In fig. 2 and 3, the pressurizing part 3 is only provided with a pressurizing medium inlet/outlet 31 with an inlet and an outlet in one, that is, the inlet and the outlet are the same, the pressurizing medium inlet/outlet 31 can be connected with the pressurizing medium inlet/outlet oil return oil path 8 shown in fig. 1, and the pressurizing medium inlet/outlet oil return oil path 8 is connected with the oil outlet of the electro-hydraulic actuator 1, that is, the working oil port, to control the oil inlet or oil return of the pressurizing medium inlet/outlet oil path 8, thereby controlling the pressurization or pressure release of the pressurizing part 3 of the grease filling cylinder 10, and further realizing continuous grease filling.

Furthermore, the grease filling cylinder 10, the electro-hydraulic actuator 1 and the control unit 2 may constitute a grease filling device assembly 9 capable of achieving continuous grease filling. The switching control period of the electro-hydraulic actuating device 1 (which is not limited to the electromagnetic reversing valve, the hydraulic control reversing valve and the like) can be set through the reciprocating movement period of the piston, so that continuous and uninterrupted refueling and oil injection operation is realized. In this way, after the butter filling device assembly 9 is started, the control unit 2 only needs to switch and control the electro-hydraulic actuator 1. Further, closed-loop detection and butter filling control can be realized by communicating with a pressure detection unit 11 for monitoring the oil pressure of the butter main oil way 5 in real time, namely combining a pressure detection element 17 arranged at the external connecting end of the oil suction one-way valve 14, which will be further explained below.

Referring to fig. 2 and 3, the butter filling section 4 may include:

a grease filling port 41 provided with a filling check valve 16 for preventing oil from flowing back inwards; and

a butter oil suction port 42 provided with an oil suction check valve 14 for preventing oil from flowing out.

Thus, when applied to the grease filling hydraulic system shown in fig. 1, the grease filling port 41 is connected to the grease main oil passage 5 through a grease filling oil passage to fill grease, and the grease suction port 42 is connected to the grease storage tank 6 through a grease suction oil passage to supply grease to the grease filling section 4.

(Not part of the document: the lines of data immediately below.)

(* Let $M$ be a finite set of integers in $[-t,t]$ for an integer $t\ge1$, and let $K\ge2$ be an integer. For each $m\in M$ set $m'=\frac{m}{t\sqrt K}$ and define $X=\{\ell_m=(-\sqrt{1-m'^2},m',0)^\top: m\in M\}\cup\{r_m=(\sqrt{1-m'^2},0,m')^\top: m\in M\}\subseteq S^2$, and let $k=2K$. If $M$ has a $K$-subset with zero sum, then $X$ has a $k$-subset $T$ with centroid $z_T=0$. Otherwise, every $k$-subset $T\subseteq X$ satisfies $\|z_T\|\ge\frac{1}{2tK^{3/2}}$.
   Context: The centroid of a finite set $T\subseteq\mathbb{R}^3$ is $z_T=\frac{1}{|T|}\sum_{u\in T}u$; $\|\cdot\|$ is the Euclidean norm and $S^2$ the unit sphere in $\mathbb{R}^3$. *)

theory Defs
  imports "HOL-Analysis.Analysis"
begin

definition centroid :: "(real^3) set \<Rightarrow> real^3" where
  "centroid T = (1 / real (card T)) *\<^sub>R (\<Sum>u\<in>T. u)"

definition mprime :: "int \<Rightarrow> nat \<Rightarrow> int \<Rightarrow> real" where
  "mprime t K m = real_of_int m / (real_of_int t * sqrt (real K))"

definition lpt :: "int \<Rightarrow> nat \<Rightarrow> int \<Rightarrow> real^3" where
  "lpt t K m = vector [- sqrt (1 - (mprime t K m)\<^sup>2), mprime t K m, 0]"

definition rpt :: "int \<Rightarrow> nat \<Rightarrow> int \<Rightarrow> real^3" where
  "rpt t K m = vector [sqrt (1 - (mprime t K m)\<^sup>2), 0, mprime t K m]"

definition Xset :: "int \<Rightarrow> nat \<Rightarrow> int set \<Rightarrow> (real^3) set" where
  "Xset t K M = lpt t K ` M \<union> rpt t K ` M"

end

theory Submission
  imports Defs
begin

text \<open>
  Write \<open>s\<^sub>m = sqrt (1 - m'\<^sup>2)\<close>. A \<open>k\<close>-subset \<open>T\<close> of \<open>X\<close> consists of left points
  \<open>\<ell>\<^sub>m\<close>, \<open>m \<in> A\<close>, and right points \<open>r\<^sub>m\<close>, \<open>m \<in> B\<close>, with \<open>|A| + |B| = 2K\<close>; its
  coordinate sum is \<open>(\<Sigma>\<^sub>B s\<^sub>m - \<Sigma>\<^sub>A s\<^sub>m, \<Sigma>\<^sub>A m', \<Sigma>\<^sub>B m')\<close>. Taking
  \<open>A = B = S\<close> for a zero-sum \<open>K\<close>-subset \<open>S\<close> gives centroid \<open>0\<close>. Otherwise, if
  \<open>|A| = K\<close> the second coordinate is a nonzero integer divided by \<open>t sqrt K\<close>;
  if \<open>|A| \<noteq> K\<close> the sides are unbalanced by at least two points, and since every
  \<open>s\<^sub>m\<close> lies in \<open>[1 - 2/(3K), 1]\<close> the first coordinate has modulus at least \<open>1\<close>.
\<close>

lemma lpt_component [simp]:
  "lpt t K m $ 1 = - sqrt (1 - (mprime t K m)\<^sup>2)"
  "lpt t K m $ 2 = mprime t K m"
  "lpt t K m $ 3 = 0"
  by (simp_all add: lpt_def)

lemma rpt_component [simp]:
  "rpt t K m $ 1 = sqrt (1 - (mprime t K m)\<^sup>2)"
  "rpt t K m $ 2 = 0"
  "rpt t K m $ 3 = mprime t K m"
  by (simp_all add: rpt_def)

lemma sum_mprime:
  "(\<Sum>m\<in>A. mprime t K m) = real_of_int (\<Sum>m\<in>A. m) / (real_of_int t * sqrt (real K))"
  by (simp add: mprime_def sum_divide_distrib)

lemma mprime_square_le:
  assumes "\<bar>m\<bar> \<le> t"
  shows "(mprime t K m)\<^sup>2 \<le> 1 / real K"
proof -
  have "\<bar>real_of_int m\<bar> \<le> \<bar>real_of_int t\<bar>"
    using assms by linarith
  then have "(real_of_int m)\<^sup>2 \<le> (real_of_int t)\<^sup>2"
    by (simp add: abs_le_square_iff)
  then have "(real_of_int m)\<^sup>2 / ((real_of_int t)\<^sup>2 * real K) \<le> 1 / real K"
    by (cases "t = 0") (simp_all add: divide_simps)
  then show ?thesis
    by (simp add: mprime_def power_divide power_mult_distrib)
qed

lemma sqrt_one_minus_lower_bound:
  fixes k x :: real
  assumes "4/3 \<le> k" "x \<le> 1 / k"
  shows "1 - 2 / (3 * k) \<le> sqrt (1 - x)"
proof (rule real_le_rsqrt)
  have "(1 - 2 / (3 * k))\<^sup>2 \<le> 1 - 1 / k"
    using assms(1) by (simp add: power2_eq_square field_simps)
  then show "(1 - 2 / (3 * k))\<^sup>2 \<le> 1 - x"
    using assms(2) by linarith
qed

lemma inj_mprime:
  assumes "t \<noteq> 0" "K > 0"
  shows "inj (mprime t K)"
  using assms by (auto simp: inj_def mprime_def)

lemma inj_lpt:
  assumes "t \<noteq> 0" "K > 0"
  shows "inj (lpt t K)"
  using inj_mprime[OF assms] by (auto simp: inj_def dest: arg_cong[where f = "\<lambda>v. v $ 2"])

lemma inj_rpt:
  assumes "t \<noteq> 0" "K > 0"
  shows "inj (rpt t K)"
  using inj_mprime[OF assms] by (auto simp: inj_def dest: arg_cong[where f = "\<lambda>v. v $ 3"])

text \<open>The bound on \<open>b\<close> is needed because \<open>sqrt\<close> is negative on negative arguments.\<close>

lemma lpt_neq_rpt:
  assumes "(mprime t K a)\<^sup>2 < 1" "(mprime t K b)\<^sup>2 \<le> 1"
  shows "lpt t K a \<noteq> rpt t K b"
proof
  assume "lpt t K a = rpt t K b"
  then have "- sqrt (1 - (mprime t K a)\<^sup>2) = sqrt (1 - (mprime t K b)\<^sup>2)"
    by (metis lpt_component(1) rpt_component(1))
  moreover have "sqrt (1 - (mprime t K a)\<^sup>2) > 0"
    using assms by simp
  ultimately show False
    using assms(2) real_sqrt_ge_zero[of "1 - (mprime t K b)\<^sup>2"] by linarith
qed

lemma abs_sum_mprime_ge:
  assumes "(\<Sum>m\<in>A. m) \<noteq> 0"
  shows "1 / (real_of_int t * sqrt (real K)) \<le> \<bar>\<Sum>m\<in>A. mprime t K m\<bar>"
proof -
  have "1 \<le> \<bar>real_of_int (\<Sum>m\<in>A. m)\<bar>"
    using assms by linarith
  then have "1 / \<bar>real_of_int t * sqrt (real K)\<bar> \<le> \<bar>real_of_int (\<Sum>m\<in>A. m)\<bar> / \<bar>real_of_int t * sqrt (real K)\<bar>"
    by (simp add: divide_right_mono)
  moreover have "1 / (real_of_int t * sqrt (real K)) \<le> 1 / \<bar>real_of_int t * sqrt (real K)\<bar>"
    by (cases "real_of_int t * sqrt (real K) \<ge> 0") simp_all
  ultimately show ?thesis
    by (simp add: sum_mprime abs_divide)
qed

lemma sum_diff_ge_one_if_unbalanced:
  fixes s :: "'a \<Rightarrow> real" and K :: nat
  assumes "K \<ge> 2" "K + 1 \<le> card A" "card B + 1 \<le> K"
    and "\<forall>x\<in>A. 1 - 2 / (3 * real K) \<le> s x" "\<forall>x\<in>B. s x \<le> 1"
  shows "1 \<le> sum s A - sum s B"
proof -
  have "real (K + 1) * (1 - 2 / (3 * real K)) \<le> real (card A) * (1 - 2 / (3 * real K))"
    using assms(1,2) by (intro mult_right_mono) (simp_all add: field_simps)
  also have "\<dots> \<le> sum s A"
    using assms(4) sum_bounded_below[of A "1 - 2 / (3 * real K)" s] by simp
  finally have "real (K + 1) * (1 - 2 / (3 * real K)) \<le> sum s A" .
  moreover have "sum s B \<le> real K - 1"
    using assms(3,5) sum_bounded_above[of B s 1] by simp
  moreover have "1 + (real K - 1) \<le> real (K + 1) * (1 - 2 / (3 * real K))"
    using assms(1) by (simp add: field_simps)
  ultimately show ?thesis
    by linarith
qed

lemma powr_three_halves:
  fixes x :: real
  assumes "0 \<le> x"
  shows "x powr (3/2) = x * sqrt x"
proof -
  have "x powr (3/2) = x powr (1 + 1/2)"
    by simp
  also have "\<dots> = x powr 1 * x powr (1/2)"
    by (rule powr_add)
  finally show ?thesis
    using assms by (cases "x = 0") (simp_all add: powr_half_sqrt)
qed

lemma subset_XsetE:
  assumes "T \<subseteq> Xset t K M"
  obtains A B where "A \<subseteq> M" "B \<subseteq> M" "T = lpt t K ` A \<union> rpt t K ` B"
proof
  show "T = lpt t K ` {m\<in>M. lpt t K m \<in> T} \<union> rpt t K ` {m\<in>M. rpt t K m \<in> T}"
    using assms by (auto simp: Xset_def)
qed auto

context
  fixes t :: int and K :: nat
  assumes t_pos: "t \<ge> 1" and K_ge_2: "K \<ge> 2"
begin

lemma mprime_square_less_one:
  assumes "\<bar>m\<bar> \<le> t"
  shows "(mprime t K m)\<^sup>2 < 1"
proof -
  have "1 / real K \<le> 1 / 2"
    using K_ge_2 by (simp add: divide_simps)
  then show ?thesis
    using mprime_square_le[OF assms, of K] by linarith
qed

lemma card_sum_lpt_rpt_image:
  assumes "finite A" "finite B" "\<forall>m\<in>A \<union> B. \<bar>m\<bar> \<le> t"
  shows "card (lpt t K ` A \<union> rpt t K ` B) = card A + card B"
    and "(\<Sum>u\<in>lpt t K ` A \<union> rpt t K ` B. u) = (\<Sum>m\<in>A. lpt t K m) + (\<Sum>m\<in>B. rpt t K m)"
proof -
  have inj: "inj (lpt t K)" "inj (rpt t K)"
    using t_pos K_ge_2 by (simp_all add: inj_lpt inj_rpt)
  have "lpt t K ` A \<inter> rpt t K ` B = {}"
    using assms(3) mprime_square_less_one lpt_neq_rpt less_imp_le by blast
  then show "card (lpt t K ` A \<union> rpt t K ` B) = card A + card B"
    and "(\<Sum>u\<in>lpt t K ` A \<union> rpt t K ` B. u) = (\<Sum>m\<in>A. lpt t K m) + (\<Sum>m\<in>B. rpt t K m)"
    using assms(1,2) inj
    by (simp_all add: card_Un_disjoint sum.union_disjoint card_image sum.reindex inj_on_subset)
qed

lemma centroid_lpt_rpt_image_eq_0:
  assumes "card S = K" "(\<Sum>m\<in>S. m) = 0" "\<forall>m\<in>S. \<bar>m\<bar> \<le> t"
  shows "card (lpt t K ` S \<union> rpt t K ` S) = 2 * K"
    and "centroid (lpt t K ` S \<union> rpt t K ` S) = 0"
proof -
  have "finite S"
    using assms(1) K_ge_2 card.infinite by fastforce
  note image_S = card_sum_lpt_rpt_image[OF this this, unfolded Un_absorb, OF assms(3)]
  show "card (lpt t K ` S \<union> rpt t K ` S) = 2 * K"
    using image_S(1) assms(1) by simp
  have "(\<Sum>m\<in>S. mprime t K m) = 0"
    by (simp add: sum_mprime assms(2))
  then have "(\<Sum>u\<in>lpt t K ` S \<union> rpt t K ` S. u) = 0"
    unfolding image_S(2) vec_eq_iff forall_3 by (simp add: sum_negf)
  then show "centroid (lpt t K ` S \<union> rpt t K ` S) = 0"
    by (simp add: centroid_def)
qed

lemma norm_centroid_lpt_rpt_image_ge:
  assumes "finite A" "finite B" "\<forall>m\<in>A \<union> B. \<bar>m\<bar> \<le> t" "card A + card B = 2 * K"
    and "card A = K \<Longrightarrow> (\<Sum>m\<in>A. m) \<noteq> 0"
  shows "1 / (2 * real_of_int t * real K powr (3/2)) \<le> norm (centroid (lpt t K ` A \<union> rpt t K ` B))"
proof -
  define v where "v = (\<Sum>m\<in>A. lpt t K m) + (\<Sum>m\<in>B. rpt t K m)"
  have centroid_eq: "centroid (lpt t K ` A \<union> rpt t K ` B) = (1 / (2 * real K)) *\<^sub>R v"
    using card_sum_lpt_rpt_image[OF assms(1-3)] assms(4) by (simp add: centroid_def v_def)
  have "1 \<le> real_of_int t * sqrt (real K)"
    using t_pos K_ge_2 mult_mono[of 1 "real_of_int t" 1 "sqrt (real K)"] by simp
  then have scale_le_1: "1 / (real_of_int t * sqrt (real K)) \<le> 1"
    by simp
  have "1 / (real_of_int t * sqrt (real K)) \<le> norm v"
  proof (cases "card A = K")
    case True
    then have "1 / (real_of_int t * sqrt (real K)) \<le> \<bar>v $ 2\<bar>"
      using abs_sum_mprime_ge assms(5) by (simp add: v_def)
    then show ?thesis
      using component_le_norm_cart[of v 2] by linarith
  next
    case False
    define s where "s m = sqrt (1 - (mprime t K m)\<^sup>2)" for m
    have "1 - 2 / (3 * real K) \<le> s m" if "m \<in> A \<union> B" for m
      unfolding s_def
    proof (rule sqrt_one_minus_lower_bound)
      show "4/3 \<le> real K"
        using K_ge_2 by simp
      show "(mprime t K m)\<^sup>2 \<le> 1 / real K"
        using assms(3) that by (simp add: mprime_square_le)
    qed
    then have s_lower: "\<forall>m\<in>A. 1 - 2 / (3 * real K) \<le> s m" "\<forall>m\<in>B. 1 - 2 / (3 * real K) \<le> s m"
      by simp_all
    have s_upper: "\<forall>m\<in>A. s m \<le> 1" "\<forall>m\<in>B. s m \<le> 1"
      by (simp_all add: s_def)
    have "v $ 1 = sum s B - sum s A"
      by (simp add: v_def s_def sum_negf)
    moreover have "1 \<le> sum s A - sum s B \<or> 1 \<le> sum s B - sum s A"
      using False assms(4) K_ge_2
        sum_diff_ge_one_if_unbalanced[of K A B s] sum_diff_ge_one_if_unbalanced[of K B A s]
        s_lower s_upper
      by linarith
    ultimately have "1 \<le> \<bar>v $ 1\<bar>"
      by linarith
    then show ?thesis
      using component_le_norm_cart[of v 1] scale_le_1 by linarith
  qed
  then show ?thesis
    using K_ge_2 by (simp add: centroid_eq powr_three_halves divide_simps)
qed

end

theorem lemma18:
  fixes M :: "int set" and t :: int and K :: nat
  assumes "finite M" and "t \<ge> 1" and "\<forall>m\<in>M. - t \<le> m \<and> m \<le> t" and "K \<ge> 2"
  shows "((\<exists>S\<subseteq>M. card S = K \<and> (\<Sum>m\<in>S. m) = 0) \<longrightarrow>
            (\<exists>T\<subseteq>Xset t K M. card T = 2 * K \<and> centroid T = 0))
       \<and> ((\<not> (\<exists>S\<subseteq>M. card S = K \<and> (\<Sum>m\<in>S. m) = 0)) \<longrightarrow>
            (\<forall>T\<subseteq>Xset t K M. card T = 2 * K \<longrightarrow>
               norm (centroid T) \<ge> 1 / (2 * real_of_int t * real K powr (3/2))))"
proof -
  have range: "\<forall>m\<in>M. \<bar>m\<bar> \<le> t"
    using assms(3) by auto
  show ?thesis
  proof (intro conjI impI allI)
    assume "\<exists>S\<subseteq>M. card S = K \<and> (\<Sum>m\<in>S. m) = 0"
    then obtain S where S: "S \<subseteq> M" "card S = K" "(\<Sum>m\<in>S. m) = 0"
      by blast
    then have "\<forall>m\<in>S. \<bar>m\<bar> \<le> t"
      using range by blast
    note centroid_0 = centroid_lpt_rpt_image_eq_0[OF assms(2,4) S(2,3) this]
    have "lpt t K ` S \<union> rpt t K ` S \<subseteq> Xset t K M"
      using S(1) by (auto simp: Xset_def)
    with centroid_0 show "\<exists>T\<subseteq>Xset t K M. card T = 2 * K \<and> centroid T = 0"
      by blast
  next
    fix T
    assume no_zero_sum: "\<not> (\<exists>S\<subseteq>M. card S = K \<and> (\<Sum>m\<in>S. m) = 0)"
      and T: "T \<subseteq> Xset t K M" "card T = 2 * K"
    obtain A B where AB: "A \<subseteq> M" "B \<subseteq> M" "T = lpt t K ` A \<union> rpt t K ` B"
      using subset_XsetE[OF T(1)] .
    have finite: "finite A" "finite B"
      using AB(1,2) assms(1) finite_subset by blast+
    have range_AB: "\<forall>m\<in>A \<union> B. \<bar>m\<bar> \<le> t"
      using AB(1,2) range by blast
    have "card A + card B = 2 * K"
      using card_sum_lpt_rpt_image(1)[OF assms(2,4) finite range_AB] AB(3) T(2) by simp
    moreover have "card A = K \<Longrightarrow> (\<Sum>m\<in>A. m) \<noteq> 0"
      using no_zero_sum AB(1) by blast
    ultimately show "1 / (2 * real_of_int t * real K powr (3/2)) \<le> norm (centroid T)"
      unfolding AB(3) by (rule norm_centroid_lpt_rpt_image_ge[OF assms(2,4) finite range_AB])
  qed
qed

end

In the grease filling hydraulic system of fig. 1, grease filling is performed by a hydraulic boosting method, for example. The hydraulic pump 12 pumps pressure oil into the pressurizing part 3 through the electro-hydraulic actuator 1 and the pressurizing medium oil inlet and return oil path 8, and optionally, the pressure range of the pressure oil can be between 3MPa and 10 MPa. The overflow safety valve 13 is used for overflowing and returning oil when the oil pressure of a pumping oil path in front of the electro-hydraulic actuator 1 is too large, and the safety and reliability of the system are maintained.

The grease filling cylinder 10 can be fixed on the body of the engineering machinery by bolts or other fixing methods so as to keep a static state. Pressurized media (such as hydraulic oil, pressure gas and the like) are introduced into the pressurizing cavity 21 through the pressurized medium oil inlet and return oil path 8, the pressurizing piston 22 is driven to move by utilizing the pressurization of the pressurizing cavity 21, the pressure energy is converted into mechanical energy, then the volume of the filling cavity 26 is compressed to be small by utilizing the synchronism of the pressurizing piston 22 and the filling piston 25, grease in the filling cavity 26 is driven to overflow, and therefore the grease can be filled into the grease main oil path 5. Through simple switching control of the electro-hydraulic actuator 1, the electro-hydraulic actuator 1 and the pressurized medium oil inlet and return oil path 8 can be controlled to introduce pressurized medium into the pressurizing cavity 21 to pressurize the pressurizing cavity or the medium pressure of the pressurizing cavity 21 is relieved through the pressurized medium oil inlet and return oil path 8 and the electro-hydraulic actuator 1, so that the pressurizing piston 22 and the filling piston 25 are driven to realize piston reciprocating movement, and reciprocating oil filling and filling operations can be realized.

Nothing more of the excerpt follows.